As stated many times...I'm fully vaccinated with Moderna and I don't believe in Vaccine Mandates. The latter...there are incentive ways (it begins with better education about vaccines to then progress to rewards) to encourage people to get vaccinated without forcing it upon them. Yet, right now...I don't trust a Covid booster shot. I just don't think it is needed except for those that are immunocompromise. In contrast, there are people that have already had a Covid booster shot via a private Doctor when they are not immunocompromise. This could give rise to a Variant of Concern. Simply, I'm good with the effectiveness of Moderna to prevent Hospitalization, ICU admission or Death if I were to have a breakthrough infection. I will treat Covid boosters the same way I do the FLU vaccine...I will take it when Covid vaccines has wane low enough to make me concern. Thus, I may get a Covid booster shot the fall of next year...a timeline in which I may become concern about Moderna waning enough in its effectiveness. Note: I'm not talking the efficacy to prevent infection. I'm talking about the effectiveness to prevent severe Covid illness. Last of all, I'm not worried about ADE and here's why... ADE is when a disease is made worse or more severe in a person who was already exposed to the virus through a previous infection or vaccination compared to people who were never exposed or vaccinated. Antibody-dependent enhancement (ADE) has not been identified as a concern related to SARS-CoV-2 infection or following COVID-19 vaccination. Here are reasons indicating why ADE will not be a concern: First, most people have been infected with other coronaviruses in their lifetime, and ADE has not been identified as a result of these infections. Second, in human studies, people previously infected with coronavirus were infected with different types of coronavirus, and they did not experience enhanced disease. Third, experimental animals vaccinated against SARS-CoV-2 did not develop enhanced disease when challenged, or infected, with the virus. Finally, when people with COVID-19 received plasma containing SARS-CoV-2 antibodies, they did not experience enhanced disease. For these reasons, ADE is not expected to be a concern for SARS-CoV-2 infections or vaccination. https://immunizebc.ca/ask-us/questi...dy-dependent-enhancement-ade-covid-19-disease wrbtrader
FDA votes 16-2 against Pfizer booster shot. Listening to Fox. They (FDA) may revise their position in regards to elderly and at risk. https://www.foxnews.com/health/fda-panel-pfizer-covid-19-vaccine-booster
18-0 in favor of boosters for persons 65+ years old and persons at high risk, which is about half Americans.

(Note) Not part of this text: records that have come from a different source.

text \<open>A graph d is orthogonal to the cycle vector b_{i,j,k,s} exactly when
  d_{i,j} + d_{k,s} = d_{j,k} + d_{s,i}. These balance conditions say that the quantity
  (d_{j,p} + d_{j,q} - d_{p,q}) / 2 does not depend on the two further vertices p, q, and
  taking it as \<omega>_j exhibits d as closed path independent. So the orthogonal complement of
  the cyclic subspace within the graphs is the CPI subspace, which gives the orthogonal
  decomposition. The CPI subspace is the injective linear image of \<real>^n, and the graphs
  have dimension n choose 2, so the cyclic part has dimension n(n-1)/2 - n = n(n-3)/2.\<close>

lemma subset_sums_span_if_orthogonal_complement:
  fixes S U B :: "'a::euclidean_space set"
  assumes "subspace S" "B \<subseteq> S"
    and "\<And>z. z \<in> S \<Longrightarrow> (\<And>b. b \<in> B \<Longrightarrow> orthogonal z b) \<Longrightarrow> z \<in> U"
  shows "S \<subseteq> {u + w | u w. u \<in> U \<and> w \<in> span B}"
proof
  fix x assume "x \<in> S"
  obtain w z where w: "w \<in> span B" and z: "\<And>v. v \<in> span B \<Longrightarrow> orthogonal z v"
    and x: "x = w + z"
    using orthogonal_subspace_decomp_exists by blast
  have "w \<in> S" using w assms(1,2) by (meson span_minimal subsetD)
  then have "z \<in> S" using assms(1) \<open>x \<in> S\<close> x subspace_diff[of S x w] by simp
  then have "z \<in> U" using assms(3) z by (simp add: span_base)
  moreover have "x = z + w" using x by (simp add: add.commute)
  ultimately show "x \<in> {u + w | u w. u \<in> U \<and> w \<in> span B}" using w by blast
qed

lemma orthogonal_subspaces_Int:
  fixes U W :: "'a::real_inner set"
  assumes "subspace U" "subspace W" "\<forall>u\<in>U. \<forall>w\<in>W. orthogonal u w"
  shows "U \<inter> W = {0}"
  using assms by (auto simp: subspace_0 orthogonal_self[symmetric])

lemma dim_sums_orthogonal:
  fixes U W :: "'a::euclidean_space set"
  assumes "subspace U" "subspace W" "\<forall>u\<in>U. \<forall>w\<in>W. orthogonal u w"
  shows "dim {u + w | u w. u \<in> U \<and> w \<in> W} = dim U + dim W"
  using dim_sums_Int[OF assms(1,2)] orthogonal_subspaces_Int[OF assms] by simp
(* Let $G$ be a graph on $[n+1]$ satisfying the standing assumptions below, let ${\bf a}=(a_1,\ldots,a_n,-\sum a_i)$ with $a_i\in\mathbb{Z}_{\ge0}$, and let ${\bf m}=(m_1,\ldots,m_n)$ be a tuple of positive integers such that $G({\bf m})$ appears as a leaf of the canonical compounded reduction tree of $\mathcal{F}_G({\bf a})$. Then the number of leaves of that tree equal to $G({\bf m})$ is \[ K_G(m_1-{\rm outd}_1,m_2-{\rm outd}_2,\ldots,m_n-{\rm outd}_n,0), \] where ${\rm outd}_i$ is the outdegree of vertex $i$ in $G$.
   Context: Standing assumptions: $G$ is a connected directed multigraph without loops on $[n+1]$, edges directed $i\to j$ with $i<j$, each vertex $1,\ldots,n$ has an outgoing edge. $G({\bf m})$ denotes the graph on $[n+1]$ with exactly $m_i$ copies of the edge $(i,n+1)$ for each $i$ and no other edges. $K_H({\bf v})$ is the number of $f\in\mathbb{Z}_{\ge0}^{E(H)}$ with outflow minus inflow at each vertex $k$ equal to $v_k$. Noncrossing trees: for ordered lists $L=(x_1,\ldots,x_\ell)$, $R=(y_1,\ldots,y_r)$, $\mathcal{T}_{L,R}$ is the set of trees on $L\sqcup R$ with all edges between $L$ and $R$ and no two edges $(x_p,y_q),(x_t,y_u)$ with $p<t$, $q>u$. Compounded reduction at vertex $i\in\{2,\ldots,n\}$ of a graph $H$ in which $i$ has incoming edges: with $\mathcal{I}_i(H)$, $\mathcal{O}_i(H)$ the multisets of edges $(\cdot,i)$, $(i,\cdot)$ in fixed orderings, put $L=\mathcal{I}_i(H)$ if $a_i=0$, $L=(\mathcal{I}_i(H),v_i)$ ($v_i$ a new symbol placed last) if $a_i>0$, $R=\mathcal{O}_i(H)$; for $T\in\mathcal{T}_{L,R}$, $H^{(i)}_T$ is obtained from $H$ by deleting $\mathcal{I}_i(H)\cup\mathcal{O}_i(H)$, adding an edge $(r,s)$ for each tree edge joining $(r,i)$ and $(i,s)$, an edge $(i,s)$ for each tree edge joining $v_i$ and $(i,s)$, and, if $a_i=0$, one edge $(i,n+1)$. The canonical compounded reduction tree of $\mathcal{F}_G({\bf a})$ is the rooted tree with root $G$ obtained by, for $i=n,n-1,\ldots,2$ in this order, giving every current leaf $H$ in which vertex $i$ has incoming edges the children $H^{(i)}_T$, $T\in\mathcal{T}_{L,R}$ (one child per tree $T$). *)

theory Defs
  imports Main "HOL-Library.Multiset" "HOL-Library.Product_Lexorder"
begin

According to the news "the panel indicated they were likely to take a second vote Friday afternoon on recommending the booster shots for older Americans and other high-risk groups." I can see the value in allowing this -- but still the FDA/CDC has conflicting data of various quality from multitple sources at this point. I think they may say they need more data before approving for both older Americans and all high-risk comorbidity groups. They may simple go ahead and allow boosters for over age 75. This get back to the reality is that they really should test people for their personal level of Covid antibodies before providing a booster. If they don't have sufficient antibody levels to stop reinfection then allow them to get a booster.

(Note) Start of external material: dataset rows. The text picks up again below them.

lemma dA_dA_commute:
  fixes G :: "'a stempt \<Rightarrow> 'b::euclidean_space"
  assumes z: "z \<in> D" and s: "s \<in> {0..t 0}" and r: "r \<in> {0..t 0}"
    and hs: "\<And>z. z \<in> D \<Longrightarrow> hasA v s G z" and hr: "\<And>z. z \<in> D \<Longrightarrow> hasA v r G z"
    and hrs: "\<And>z. z \<in> D \<Longrightarrow> hasA v r (dA v s G) z" and hsr: "\<And>z. z \<in> D \<Longrightarrow> hasA v s (dA v r G) z"
    and crs: "continuous_on D (dA v r (dA v s G))" and csr: "continuous_on D (dA v s (dA v r G))"
  shows "dA v r (dA v s G) z = dA v s (dA v r G) z"
proof -
  obtain \<alpha> \<beta> where z_eq: "z = (\<alpha>, \<beta>)" by (cases z)
  define p where "p x y = \<alpha> + x *\<^sub>R v s + y *\<^sub>R v r" for x y :: real
  obtain e where "e > 0" and inD: "\<And>x y. \<bar>x\<bar> < e \<Longrightarrow> \<bar>y\<bar> < e \<Longrightarrow> (p x y, \<beta>) \<in> D"
    using frame_plane_chart[OF z[unfolded z_eq] s r] unfolding p_def by blast
  have cont: "continuous (at (0, 0)) (\<lambda>q. H (p (fst q) (snd q), \<beta>))"
    if "continuous_on D H" for H :: "'a stempt \<Rightarrow> 'b"
    using continuous_at_frame_plane[OF that \<open>e > 0\<close> inD[unfolded p_def]] by (simp add: p_def)
  \<comment> \<open>componentwise, this is the real Clairaut lemma on the plane through \<open>z\<close>
     spanned by \<open>v s\<close> and \<open>v r\<close>\<close>
  have "inner (dA v r (dA v s G) (p 0 0, \<beta>)) i = inner (dA v s (dA v r G) (p 0 0, \<beta>)) i" for i
  proof (rule mixed_partials_commute[where \<phi> = "\<lambda>x y. inner (G (p x y, \<beta>)) i"
        and \<phi>\<^sub>1 = "\<lambda>x y. inner (dA v s G (p x y, \<beta>)) i" and \<phi>\<^sub>2 = "\<lambda>x y. inner (dA v r G (p x y, \<beta>)) i"
        and \<phi>\<^sub>1\<^sub>2 = "\<lambda>x y. inner (dA v r (dA v s G) (p x y, \<beta>)) i"
        and \<phi>\<^sub>2\<^sub>1 = "\<lambda>x y. inner (dA v s (dA v r G) (p x y, \<beta>)) i", OF \<open>e > 0\<close>])
    fix x y :: real assume "\<bar>x\<bar> < e" "\<bar>y\<bar> < e"
    note xy = inD[OF this]
    have px: "p (x + \<rho>) y = p x y + \<rho> *\<^sub>R v s" and py: "p x (y + \<rho>) = p x y + \<rho> *\<^sub>R v r" for \<rho>
      by (simp_all add: p_def scaleR_add_left add_ac)
    show "((\<lambda>x. inner (G (p x y, \<beta>)) i) has_real_derivative inner (dA v s G (p x y, \<beta>)) i) (at x)"
      by (rule hasA_real_derivative_inner[where p = "\<lambda>x. p x y", OF hs[OF xy] px])
    show "((\<lambda>x. inner (dA v r G (p x y, \<beta>)) i) has_real_derivative inner (dA v s (dA v r G) (p x y, \<beta>)) i) (at x)"
      by (rule hasA_real_derivative_inner[where p = "\<lambda>x. p x y", OF hsr[OF xy] px])
    show "((\<lambda>y. inner (G (p x y, \<beta>)) i) has_real_derivative inner (dA v r G (p x y, \<beta>)) i) (at y)"
      by (rule hasA_real_derivative_inner[where p = "p x", OF hr[OF xy] py])
    show "((\<lambda>y. inner (dA v s G (p x y, \<beta>)) i) has_real_derivative inner (dA v r (dA v s G) (p x y, \<beta>)) i) (at y)"
      by (rule hasA_real_derivative_inner[where p = "p x", OF hrs[OF xy] py])
  qed (intro continuous_intros cont crs csr)+
  moreover have "p 0 0 = \<alpha>" by (simp add: p_def)
  ultimately show ?thesis unfolding z_eq by (metis euclidean_eqI)
qed

lemma dbar_alpha_conj_dbar_alpha:
  assumes z: "z \<in> D" and G: "Cp v (t 0) \<tau> D 2 G"
  shows "dbar_alpha v (t 0) 0 (dbar_alpha v (t 0) 1 G) z = (\<Sum>s=0..t 0. dA v s (dA v s G) z)"
proof -
  let ?R = "{1..t 0}"
  define M where "M s r = dA v s (dA v r G) z" for s r
  have hA: "\<And>s z. s \<in> {0..t 0} \<Longrightarrow> z \<in> D \<Longrightarrow> hasA v s G z"
    and G1: "\<And>s. s \<in> {0..t 0} \<Longrightarrow> Cp v (t 0) \<tau> D (Suc 0) (dA v s G)"
    using Cp_SucD(2,3)[of v "t 0" \<tau> D "Suc 0" G] G by (simp_all add: numeral_2_eq_2)
  have hAA: "\<And>s r z. s \<in> {0..t 0} \<Longrightarrow> r \<in> {0..t 0} \<Longrightarrow> z \<in> D \<Longrightarrow> hasA v r (dA v s G) z"
    and cAA: "\<And>s r. s \<in> {0..t 0} \<Longrightarrow> r \<in> {0..t 0} \<Longrightarrow> continuous_on D (dA v r (dA v s G))"
    using Cp_SucD(2,3)[OF G1] by auto
  have sym: "M s r = M r s" if "s \<in> {0..t 0}" "r \<in> {0..t 0}" for s r
    unfolding M_def by (rule dA_dA_commute[OF z that(2,1)]) (use hA hAA cAA that in auto)
  have dbar1: "dA v s (dbar_alpha v (t 0) 1 G) z = M s 0 + (\<Sum>r\<in>?R. v r * M s r)" if "s \<in> {0..t 0}" for s
  proof -
    have "dA v s (dbar_alpha v (t 0) 1 G) z
        = dA v s (dA v 0 G) z - ((-1::real) ^ 1) *\<^sub>R (\<Sum>r\<in>?R. v r * dA v s (dA v r G) z)"
      unfolding dbar_alpha_def by (rule dA_diff_scaleR_sum) (use that hAA z in auto)
    then show ?thesis by (simp add: M_def)
  qed
  have "dbar_alpha v (t 0) 0 (dbar_alpha v (t 0) 1 G) z
      = M 0 0 + (\<Sum>r\<in>?R. v r * M 0 r) - (\<Sum>s\<in>?R. v s * (M s 0 + (\<Sum>r\<in>?R. v r * M s r)))"
    using dbar1 by (simp add: dbar_alpha_def[of v "t 0" 0])
  also have "(\<Sum>r\<in>?R. v r * M 0 r) = (\<Sum>s\<in>?R. v s * M s 0)" using sym by (intro sum.cong) auto
  also have "M 0 0 + (\<Sum>s\<in>?R. v s * M s 0) - (\<Sum>s\<in>?R. v s * (M s 0 + (\<Sum>r\<in>?R. v r * M s r)))
      = M 0 0 - (\<Sum>s\<in>?R. \<Sum>r\<in>?R. v s * (v r * M s r))"
    by (simp add: distrib_left sum.distrib sum_distrib_left)
  also have "\<dots> = M 0 0 + (\<Sum>s\<in>?R. M s s)"
    using frame_double_sum_symmetric[of ?R M] sym t0_le_N by auto
  also have "\<dots> = (\<Sum>s=0..t 0. M s s)" by (simp add: sum.atLeast_Suc_atMost)
  finally show ?thesis unfolding M_def .
qed
lemma sigma_compact_strategy_finite_refinement:
  fixes \<sigma> :: "'h list \<Rightarrow> 'a::topological_space set set"
  assumes sigma: "sigma_compact_space TYPE('a)"
    and \<sigma>_omega: "\<And>s. \<sigma> s \<in> omega_covers" and P: "finite P"
  obtains C where "\<And>s. C s \<subseteq> \<sigma> s" "\<And>s. finite (C s)" "\<And>s. C s \<noteq> {}"
    "\<And>s U. U \<in> C s \<Longrightarrow> P \<subseteq> U"
    "\<And>F. finite F \<Longrightarrow> \<exists>N. \<forall>s. N \<le> length s \<longrightarrow> (\<exists>U\<in>C s. F \<subseteq> U)"
proof -
  obtain L :: "nat \<Rightarrow> 'a set" where compact_L: "\<And>m. compact (L m)"
    and exhausting_L: "\<And>F. finite F \<Longrightarrow> \<exists>N. \<forall>m\<ge>N. F \<subseteq> L m"
    using sigma_compact_space_exhaustion[OF sigma] by blast
  define C where "C s = (SOME \<C>. \<C> \<subseteq> \<sigma> s \<and> finite \<C> \<and> (\<forall>U\<in>\<C>. P \<subseteq> U) \<and>
      covers_small_subsets \<C> P (L (length s)) (length s))" for s
  have C: "C s \<subseteq> \<sigma> s \<and> finite (C s) \<and> (\<forall>U\<in>C s. P \<subseteq> U) \<and>
      covers_small_subsets (C s) P (L (length s)) (length s)" for s
    unfolding C_def by (rule someI_ex) (rule omega_cover_finite_subfamily[OF \<sigma>_omega compact_L P])
  have C_cover: "\<exists>U\<in>C s. F \<subseteq> U"
    if F: "finite F" "F \<subseteq> L (length s)" "card F \<le> length s" for s F
  proof -
    obtain U where "U \<in> C s" "P \<union> F \<subseteq> U"
      using covers_small_subsetsD[of "C s", OF _ F] C[of s] by blast
    then show ?thesis
      by blast
  qed
  show thesis
  proof (rule that)
    show "C s \<subseteq> \<sigma> s" "finite (C s)" for s
      using C[of s] by auto
    show "P \<subseteq> U" if "U \<in> C s" for s U
      using C[of s] that by blast
    show "C s \<noteq> {}" for s
      using C_cover[of "{}" s] by (simp add: ex_in_conv)
    show "\<exists>N. \<forall>s. N \<le> length s \<longrightarrow> (\<exists>U\<in>C s. F \<subseteq> U)" if F: "finite F" for F
    proof -
      obtain N where N: "\<And>m. N \<le> m \<Longrightarrow> F \<subseteq> L m"
        using exhausting_L[OF F] by blast
      have "\<exists>U\<in>C s. F \<subseteq> U" if "max N (card F) \<le> length s" for s
        using C_cover[of F s] N[of "length s"] F that by simp
      then show ?thesis
        by blast
    qed
  qed
qed

lemma S1_play_through_finite_refinement:
  fixes Y :: "'a::topological_space set" and C :: "'a set list \<Rightarrow> 'a set set"
  assumes S: "S1 (omega_covers :: 'a set set set) (omega_covers_of Y)"
    and C_finite: "\<And>s. finite (C s)" and C_nonempty: "\<And>s. C s \<noteq> {}"
    and C_open_proper: "\<And>s U. U \<in> C s \<Longrightarrow> open U \<and> U \<noteq> UNIV"
    and C_Compl: "\<And>s U. U \<in> C s \<Longrightarrow> - Y \<subseteq> U"
    and C_eventually_cover: "\<And>F. finite F \<Longrightarrow> \<exists>N. \<forall>s. N \<le> length s \<longrightarrow> (\<exists>U\<in>C s. F \<subseteq> U)"
  shows "\<exists>T. (\<forall>k. T k \<in> C (map T [0..<k])) \<and> range T \<in> omega_covers_of Y"
proof -
  define \<nu> where "\<nu> k = fst (prod_decode k)" for k
  have infinite_fibre: "infinite {k. \<nu> k = n}" for n
    unfolding \<nu>_def by (rule infinite_prod_decode_fibre)
  have "(\<Union>k\<in>{k. \<nu> k = n}. level_intersections C k) \<in> omega_covers" for n
    by (rule level_intersections_omega_cover)
      (fact C_finite C_nonempty C_open_proper C_eventually_cover infinite_fibre)+
  then obtain W where W: "\<And>n. W n \<in> (\<Union>k\<in>{k. \<nu> k = n}. level_intersections C k)"
    and W_Y: "range W \<in> omega_covers_of Y"
    using S[unfolded S1_def, rule_format, of "\<lambda>n. \<Union>k\<in>{k. \<nu> k = n}. level_intersections C k"]
    by blast
  obtain T where T_C: "\<And>k. T k \<in> C (map T [0..<k])"
    and T_W: "\<And>k. W (\<nu> k) \<in> level_intersections C k \<Longrightarrow> W (\<nu> k) \<subseteq> T k"
    using play_containing_level_intersections[where C = C and W = "\<lambda>k. W (\<nu> k)"] C_nonempty
    by blast
  have "range T \<in> omega_covers_of Y"
  proof (rule omega_covers_of_coarsening[OF W_Y])
    show "\<exists>U\<in>range T. V \<subseteq> U" if "V \<in> range W" for V
    proof -
      obtain n k where "V = W n" "\<nu> k = n" "W n \<in> level_intersections C k"
        using \<open>V \<in> range W\<close> W by blast
      then show ?thesis
        using T_W[of k] by auto
    qed
    fix U assume "U \<in> range T"
    then obtain s where U: "U \<in> C s"
      using T_C by blast
    then show "open U"
      using C_open_proper by blast
    show "\<not> Y \<subseteq> U"
      using C_Compl[OF U] C_open_proper[OF U] by auto
  qed
  with T_C show ?thesis
    by blast
qed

FDA Advisory Board stated there just wasn't enough data (evidence) that a Covid booster shot was needed for people that were 16 years and older. Yet, I don't know what they meant about voting "amending question" for another vote at a later date. https://www.cnn.com/2021/09/17/health/us-coronavirus-friday/index.html Overall, hospitals are not at capacity levels (I think about 30% overall although many hospitals in the southern states are near capacity levels) plus the effectiveness has not wane enough in the Covid Pfizer vaccines. FDA vote today was about Pfizer Covid vaccines. I'm glad because I had a problem with the Politics getting ahead of Science because the CDC doesn't even address the booster issue until next week or maybe next month along with the fact the CDC has conflicting data to what the FDC has. Simply, people under 60 do not need a booster. Also, Canada has already decided last month I think that there was not enough data (evidence) for the need of a Covid booster shot. wrbtrader
An F.D.A. panel recommended a Pfizer Covid booster for those 65 or older or at high risk, after earlier voting not to recommend it for younger people Although the F.D.A. is not obliged to follow its advisory committee’s recommendations, it typically does. The agency will likely make a decision by early next week. Friday, September 17, 2021 https://www.nytimes.com/2021/09/17/us/politics/fda-booster-shots-meeting-covid.html So 65 & older and the those at high-risk with comorbidities in the U.S. will likely get a booster.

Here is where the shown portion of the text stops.